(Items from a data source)
+-------+

lemma spike_near_mass_le_quarter:
  assumes p: "0 \<le> p" "p \<le> 1" and t: "0 < t" and many: "6 \<le> real d * p" "4 * \<epsilon>\<^sup>2 / t\<^sup>2 \<le> real d * p"
  shows "spike_near_mass d p t \<epsilon> \<le> 1/4"
proof -
  have "spike_near_mass d p t \<epsilon> \<le> exp (2 * \<epsilon>\<^sup>2 / t\<^sup>2) * exp (- 4/5 * (real d * p))"
    using spike_near_mass_le[OF t p] bernoulli_chernoff_factor_le[OF p, of d]
    by (meson exp_gt_zero less_imp_le mult_left_mono order_trans)
  also have "\<dots> = exp (2 * \<epsilon>\<^sup>2 / t\<^sup>2 - 4/5 * (real d * p))" by (subst exp_add[symmetric]) simp
  also have "\<dots> \<le> exp (-9/5)" using many by simp
  also have "\<dots> \<le> 1/4" by (rule exp_minus_nine_fifths_le)
  finally show ?thesis .
qed

lemma sparse_scale_bounds:
  fixes D lam X :: real
  assumes D: "1 \<le> D" and lam: "1 / D \<le> lam" "lam \<le> D" and X: "0 \<le> X"
    and small: "X ^ 4 * lam ^ 3 \<le> (1/8192) ^ 4 * D"
  shows "16 * X * max 1 lam \<le> D" "8192 * X\<^sup>2 * lam * max 1 lam \<le> D"
proof -
  let ?M = "max 1 lam"
  have "0 < 1 / D" using D by simp
  then have lam0: "0 < lam" using lam by linarith
  have "(16 * X * ?M) ^ 4 * lam ^ 3 = 65536 * ?M ^ 4 * (X ^ 4 * lam ^ 3)" by (simp add: power_mult_distrib)
  also have "\<dots> \<le> 65536 * (D ^ 3 * lam ^ 3) * ((1/8192) ^ 4 * D)"
    by (rule mult_mono) (use small max_one_power_le(2)[OF lam D] lam0 D in auto)
  also have "\<dots> \<le> D ^ 4 * lam ^ 3" using D lam0 by (simp add: power4_eq_xxxx power3_eq_cube)
  finally have "(16 * X * ?M) ^ 4 \<le> D ^ 4" using lam0 by simp
  then show "16 * X * ?M \<le> D" using X D by (simp add: power_mono_iff)
  have "(8192 * X\<^sup>2 * lam * ?M)\<^sup>2 * lam = 8192\<^sup>2 * ?M\<^sup>2 * (X ^ 4 * lam ^ 3)"
    by (simp add: power_mult_distrib power2_eq_square power4_eq_xxxx power3_eq_cube)
  also have "\<dots> \<le> 8192\<^sup>2 * (D * lam) * ((1/8192) ^ 4 * D)"
    by (rule mult_mono) (use small max_one_power_le(1)[OF lam D] lam0 D in auto)
  also have "\<dots> \<le> D\<^sup>2 * lam" using D lam0 by (simp add: power2_eq_square power_divide)
  finally have "(8192 * X\<^sup>2 * lam * ?M)\<^sup>2 \<le> D\<^sup>2" using lam0 by simp
  then show "8192 * X\<^sup>2 * lam * ?M \<le> D" using X D lam0 by (simp add: power_mono_iff)
qed

lemma sparse_spike_prior:
  assumes D: "2000 \<le> real d" and lam: "1 / real d \<le> lam" "lam \<le> real d" and \<epsilon>: "0 < \<epsilon>"
    and small: "(\<epsilon>\<^sup>2) ^ 4 * lam ^ 3 \<le> (1/8192) ^ 4 * real d"
  obtains p t where "0 \<le> p" "p \<le> 1" "0 \<le> t"
    "2 * (spike_second_moment d lam p t - 1) \<le> 1/8" "spike_near_mass d p t \<epsilon> \<le> 1/4"
proof -
  define M where "M = max 1 lam"
  define p where "p = max (16 * \<epsilon>\<^sup>2 * M) 6 / real d"
  define t where "t = sqrt (1 / (4 * M))"
  have D0: "0 < real d" using D by simp
  then have lam0: "0 < lam" using lam by (meson divide_pos_pos order_less_le_trans zero_less_one)
  have M: "1 \<le> M" "lam \<le> M" unfolding M_def by auto
  have t: "0 < t" "t\<^sup>2 = 1 / (4 * M)" unfolding t_def using M by auto
  have scale: "16 * \<epsilon>\<^sup>2 * M \<le> real d" "8192 * (\<epsilon>\<^sup>2)\<^sup>2 * lam * M \<le> real d"
    using sparse_scale_bounds[OF _ lam _ small] D unfolding M_def by auto
  have Dp: "real d * p = max (16 * \<epsilon>\<^sup>2 * M) 6" unfolding p_def using D0 by simp
  have p: "0 \<le> p" "p \<le> 1" using Dp scale(1) D D0 by (auto simp: p_def field_simps)
  have "real d * p\<^sup>2 * (lam / M) \<le> 1/32"
  proof (cases "16 * \<epsilon>\<^sup>2 * M \<le> 6")
    case True
    then have "real d * p\<^sup>2 * (lam / M) = 36 / real d * (lam / M)"
      using D0 by (simp add: p_def power2_eq_square max_def)
    also have "\<dots> \<le> 36 / real d" using M lam0 D0 by (intro mult_left_le) (auto simp: divide_le_eq_1)
    also have "\<dots> \<le> 1/32" using D by (simp add: field_simps)
    finally show ?thesis .
  next
    case False
    then have "real d * p\<^sup>2 * (lam / M) = 256 * (\<epsilon>\<^sup>2)\<^sup>2 * lam * M / real d"
      using D0 M by (simp add: p_def power2_eq_square max_def field_simps)
    also have "\<dots> \<le> 1/32" using scale(2) D0 by (simp add: field_simps)
    finally show ?thesis .
  qed
  moreover have "4 * lam * t\<^sup>2 = lam / M" using t M by simp
  moreover have "t\<^sup>2 \<le> 1/4" unfolding t(2) using M by (simp add: field_simps)
  moreover have "lam / M \<le> 1" using M lam0 by (simp add: divide_le_eq_1)
  ultimately have second_moment: "2 * (spike_second_moment d lam p t - 1) \<le> 1/8"
    using lam0 p by (intro spike_second_moment_le) auto
  have "4 * \<epsilon>\<^sup>2 / t\<^sup>2 = 16 * \<epsilon>\<^sup>2 * M" unfolding t(2) by simp
  then have near: "spike_near_mass d p t \<epsilon> \<le> 1/4"
    using Dp by (intro spike_near_mass_le_quarter p t(1)) auto
  show ?thesis using p less_imp_le[OF t(1)] second_moment near by (rule that)
qed
(* There exists a constant $\alpha>0$ such that the following holds for every $r=r(n)$ with $1\le r$ and $r=o(\log n)$. If $p=p(n)$ satisfies $p\,n^{\frac{2r+1}{2r}}\to\infty$ and $p\le\alpha\frac{\log n}{rn}$, then with high probability $G\in\mathcal G(n,p)$ has at least two connected components each of which is a path on exactly $2r+1$ vertices.
   Context: $\mathcal G(n,p)$ is the Erdős–Rényi random graph on vertex set $[n]$ in which each pair is an edge independently with probability $p$. "With high probability" means with probability tending to $1$ as $n\to\infty$. *)

theory Defs
  imports "HOL-Probability.Probability" "HOL-Library.Landau_Symbols"
begin

text \<open>A graph on vertex set {0..<n} is given by an edge indicator E on 2-element sets.\<close>

definition vpairs :: "nat \<Rightarrow> nat set set" where
  "vpairs n = {e. e \<subseteq> {..<n} \<and> card e = 2}"

definition Gnp :: "nat \<Rightarrow> real \<Rightarrow> (nat set \<Rightarrow> bool) pmf" where
  "Gnp n p = Pi_pmf (vpairs n) False (\<lambda>_. bernoulli_pmf p)"

definition path_component :: "nat \<Rightarrow> (nat set \<Rightarrow> bool) \<Rightarrow> nat \<Rightarrow> nat set \<Rightarrow> bool" where
  "path_component n E k C \<longleftrightarrow> C \<subseteq> {..<n} \<and>
     (\<exists>vs. distinct vs \<and> set vs = C \<and> length vs = k \<and>
        (\<forall>u\<in>C. \<forall>w<n. u \<noteq> w \<longrightarrow>
           (E {u, w} \<longleftrightarrow> (\<exists>i. Suc i < length vs \<and> {u, w} = {vs ! i, vs ! Suc i}))))"

end

theory Submission
  imports Defs "HOL-Real_Asymp.Real_Asymp"
begin

text \<open>Second moment method. Let N count the lists of k = 2r+1 distinct vertices that enumerate, in
  order, a component of G(n,p) which is a path. A component is enumerated by at most k lists
  overlapping it, so N > k yields two such components. Listings on disjoint vertex sets only share
  the at most k^2 non-edges between them, so Var N \<le> k \<mu> + \<mu>^2 ((1-p)^(-k^2) - 1) with
  \<mu> = E N, and Chebyshev bounds the failure probability by 4k/\<mu> + 8k^2 p once \<mu> \<ge> 2k.
  Here k^2 p \<rightarrow> 0, and \<mu>/k \<rightarrow> \<infinity> because \<mu> \<ge> (n-k)^k p^(k-1) (1-p)^(kn) with
  n^k p^(k-1) = x^(2r) for x = p n^((2r+1)/(2r)). Moreover (1-p)^(kn) \<ge> e^(-2knp), and either
  e^(-2knp) \<ge> x^(-r), or np > 1, in which case n^k p^(k-1) \<ge> n while e^(-2knp) \<ge> n^(-1/2)
  by the choice \<alpha> = 1/12.\<close>

definition path_listing :: "nat \<Rightarrow> (nat set \<Rightarrow> bool) \<Rightarrow> nat list \<Rightarrow> bool" where
  "path_listing n E vs \<longleftrightarrow> (\<forall>u\<in>set vs. \<forall>w<n. u \<noteq> w \<longrightarrow>
      (E {u, w} \<longleftrightarrow> (\<exists>i. Suc i < length vs \<and> {u, w} = {vs ! i, vs ! Suc i})))"
(* Let $r>0$, $\alpha\in(0,1]$, $K>0$, $\delta>0$, $\sigma>0$, and consider the system \[ \dot p = rm\Big(1-\frac{p+m}{K}\Big)-\delta p,\qquad \dot m=\alpha r p\Big(1-\frac{p+m}{K}\Big)-\sigma m \] on $\Omega=\{(p,m)\in\mathbb{R}^2:\ p\ge0,\ m\ge0,\ p+m\le K\}$. If $R_0=r\sqrt{\alpha/(\delta\sigma)}\le 1$, then the equilibrium $E_0=(0,0)$ is globally asymptotically stable in $\Omega$. *)

theory Defs
  imports "HOL-Analysis.Analysis"
begin

definition is_solution :: "(real \<times> real \<Rightarrow> real \<times> real) \<Rightarrow> (real \<Rightarrow> real \<times> real) \<Rightarrow> bool" where
  "is_solution F x \<longleftrightarrow>
     (\<forall>t\<ge>0. (x has_vector_derivative F (x t)) (at t within {0..}))"

definition is_equilibrium :: "(real \<times> real \<Rightarrow> real \<times> real) \<Rightarrow> real \<times> real \<Rightarrow> bool" where
  "is_equilibrium F e \<longleftrightarrow> F e = 0"

definition stable_in :: "(real \<times> real \<Rightarrow> real \<times> real) \<Rightarrow> (real \<times> real) set \<Rightarrow> real \<times> real \<Rightarrow> bool" where
  "stable_in F S e \<longleftrightarrow>
     (\<forall>\<epsilon>>0. \<exists>\<eta>>0. \<forall>x. is_solution F x \<and> x 0 \<in> S \<and> dist (x 0) e < \<eta>
        \<longrightarrow> (\<forall>t\<ge>0. dist (x t) e < \<epsilon>))"

definition globally_attractive_in :: "(real \<times> real \<Rightarrow> real \<times> real) \<Rightarrow> (real \<times> real) set \<Rightarrow> real \<times> real \<Rightarrow> bool" where
  "globally_attractive_in F S e \<longleftrightarrow>
     (\<forall>x. is_solution F x \<and> x 0 \<in> S \<longrightarrow> (x \<longlongrightarrow> e) at_top)"

definition globally_asymptotically_stable_in ::
  "(real \<times> real \<Rightarrow> real \<times> real) \<Rightarrow> (real \<times> real) set \<Rightarrow> real \<times> real \<Rightarrow> bool" where
  "globally_asymptotically_stable_in F S e \<longleftrightarrow>
     e \<in> S \<and> is_equilibrium F e \<and> stable_in F S e \<and> globally_attractive_in F S e"

definition pm_field :: "real \<Rightarrow> real \<Rightarrow> real \<Rightarrow> real \<Rightarrow> real \<Rightarrow> real \<times> real \<Rightarrow> real \<times> real" where
  "pm_field r \<alpha> K \<delta> \<sigma> = (\<lambda>(p, m).
     (r * m * (1 - (p + m) / K) - \<delta> * p,
      \<alpha> * r * p * (1 - (p + m) / K) - \<sigma> * m))"

definition Omega :: "real \<Rightarrow> (real \<times> real) set" where
  "Omega K = {(p, m). p \<ge> 0 \<and> m \<ge> 0 \<and> p + m \<le> K}"

end

theory Submission
  imports Defs
begin

text \<open>
  First, \<open>\<Omega>\<close> is forward invariant. The penalty
  \<open>N = (p\<^sup>-)\<^sup>2 + (m\<^sup>-)\<^sup>2 + ((p + m - K)\<^sup>+)\<^sup>2\<close> vanishes exactly on \<open>\<Omega>\<close>, and as long as a
  solution stays in a box \<open>|p|, |m| \<le> B\<close> every term of \<open>N'\<close> is either nonpositive or a
  product of two of the three violations with a coefficient bounded in terms of \<open>B\<close>; hence \<open>N' \<le> 2 L N\<close>
  and Gronwall's inequality keeps \<open>N = 0\<close> on every compact time interval. No uniqueness
  of solutions is needed.

  Second, \<open>V(p, m) = \<sigma> p + r m\<close> is a Lyapunov function on \<open>\<Omega>\<close>:
  \<open>V' = p (\<alpha> r\<^sup>2 - \<sigma> \<delta>) - (p + m)/K \<cdot> (\<sigma> r m + \<alpha> r\<^sup>2 p)\<close>, and \<open>R\<^sub>0 \<le> 1\<close> says exactly
  \<open>\<alpha> r\<^sup>2 \<le> \<sigma> \<delta>\<close>, so \<open>V' \<le> -(\<mu>/K) (p + m)\<^sup>2 \<le> -k V\<^sup>2\<close>. Since \<open>V\<close> is comparable to the
  norm on \<open>\<Omega>\<close>, monotonicity of \<open>V\<close> gives stability and the decay \<open>V' \<le> -k V\<^sup>2\<close> gives
  convergence to the origin.
\<close>

lemma has_vector_derivative_fst:
  assumes "(x has_vector_derivative v) (at t within S)"
  shows "((\<lambda>t. fst (x t)) has_real_derivative fst v) (at t within S)"
  using has_derivative_fst[OF assms[unfolded has_vector_derivative_def]]
  by (simp add: has_real_derivative_iff_has_vector_derivative has_vector_derivative_def)

lemma has_vector_derivative_snd:
  assumes "(x has_vector_derivative v) (at t within S)"
  shows "((\<lambda>t. snd (x t)) has_real_derivative snd v) (at t within S)"
  using has_derivative_snd[OF assms[unfolded has_vector_derivative_def]]
  by (simp add: has_real_derivative_iff_has_vector_derivative has_vector_derivative_def)

lemma DERIV_max0_square: "((\<lambda>y::real. (max y 0)\<^sup>2) has_real_derivative 2 * max y 0) (at y)"
proof (cases "y = 0")
  case True
  have "((\<lambda>z::real. max z 0) \<longlongrightarrow> max 0 0) (at 0)"
    by (intro tendsto_max tendsto_ident_at tendsto_const)
  then have "((\<lambda>z::real. max z 0) \<longlongrightarrow> 0) (at 0)"
    by simp
  moreover have "\<forall>\<^sub>F z in at (0::real). max z 0 = ((max z 0)\<^sup>2 - (max 0 0)\<^sup>2) / (z - 0)"
    by (intro always_eventually) (auto simp: max_def power2_eq_square)
  ultimately have "((\<lambda>z. ((max z 0)\<^sup>2 - (max 0 0)\<^sup>2) / (z - 0)) \<longlongrightarrow> 0) (at (0::real))"
    by (rule Lim_transform_eventually)
  then show ?thesis
    using True by (simp add: has_field_derivative_iff)
next
  case False
  then consider "y < 0" | "y > 0" by linarith
  then show ?thesis
  proof cases
    case 1
    have "((\<lambda>y. 0) has_real_derivative 2 * max y 0) (at y)"
      using 1 by simp
    then show ?thesis
      by (rule has_field_derivative_transform_within_open[where S="{..<0}"]) (use 1 in auto)
  next
    case 2
    have "((\<lambda>y. y\<^sup>2) has_real_derivative 2 * max y 0) (at y)"
      using 2 by (auto intro!: derivative_eq_intros)
    then show ?thesis
      by (rule has_field_derivative_transform_within_open[where S="{0<..}"]) (use 2 in auto)
  qed
qed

+-------+

Instructions for the task — Please copy only the lines between the first line of the entries and the line with "by (rule mult_mono) (use small max_one_power_le(1)[OF", keeping those two end lines as well, exactly as written.

Result of this task —
lemma spike_near_mass_le_quarter:
  assumes p: "0 \<le> p" "p \<le> 1" and t: "0 < t" and many: "6 \<le> real d * p" "4 * \<epsilon>\<^sup>2 / t\<^sup>2 \<le> real d * p"
  shows "spike_near_mass d p t \<epsilon> \<le> 1/4"
proof -
  have "spike_near_mass d p t \<epsilon> \<le> exp (2 * \<epsilon>\<^sup>2 / t\<^sup>2) * exp (- 4/5 * (real d * p))"
    using spike_near_mass_le[OF t p] bernoulli_chernoff_factor_le[OF p, of d]
    by (meson exp_gt_zero less_imp_le mult_left_mono order_trans)
  also have "\<dots> = exp (2 * \<epsilon>\<^sup>2 / t\<^sup>2 - 4/5 * (real d * p))" by (subst exp_add[symmetric]) simp
  also have "\<dots> \<le> exp (-9/5)" using many by simp
  also have "\<dots> \<le> 1/4" by (rule exp_minus_nine_fifths_le)
  finally show ?thesis .
qed

lemma sparse_scale_bounds:
  fixes D lam X :: real
  assumes D: "1 \<le> D" and lam: "1 / D \<le> lam" "lam \<le> D" and X: "0 \<le> X"
    and small: "X ^ 4 * lam ^ 3 \<le> (1/8192) ^ 4 * D"
  shows "16 * X * max 1 lam \<le> D" "8192 * X\<^sup>2 * lam * max 1 lam \<le> D"
proof -
  let ?M = "max 1 lam"
  have "0 < 1 / D" using D by simp
  then have lam0: "0 < lam" using lam by linarith
  have "(16 * X * ?M) ^ 4 * lam ^ 3 = 65536 * ?M ^ 4 * (X ^ 4 * lam ^ 3)" by (simp add: power_mult_distrib)
  also have "\<dots> \<le> 65536 * (D ^ 3 * lam ^ 3) * ((1/8192) ^ 4 * D)"
    by (rule mult_mono) (use small max_one_power_le(2)[OF lam D] lam0 D in auto)
  also have "\<dots> \<le> D ^ 4 * lam ^ 3" using D lam0 by (simp add: power4_eq_xxxx power3_eq_cube)
  finally have "(16 * X * ?M) ^ 4 \<le> D ^ 4" using lam0 by simp
  then show "16 * X * ?M \<le> D" using X D by (simp add: power_mono_iff)
  have "(8192 * X\<^sup>2 * lam * ?M)\<^sup>2 * lam = 8192\<^sup>2 * ?M\<^sup>2 * (X ^ 4 * lam ^ 3)"
    by (simp add: power_mult_distrib power2_eq_square power4_eq_xxxx power3_eq_cube)
  also have "\<dots> \<le> 8192\<^sup>2 * (D * lam) * ((1/8192) ^ 4 * D)"
    by (rule mult_mono) (use small max_one_power_le(1)[OF lam D] lam0 D in auto)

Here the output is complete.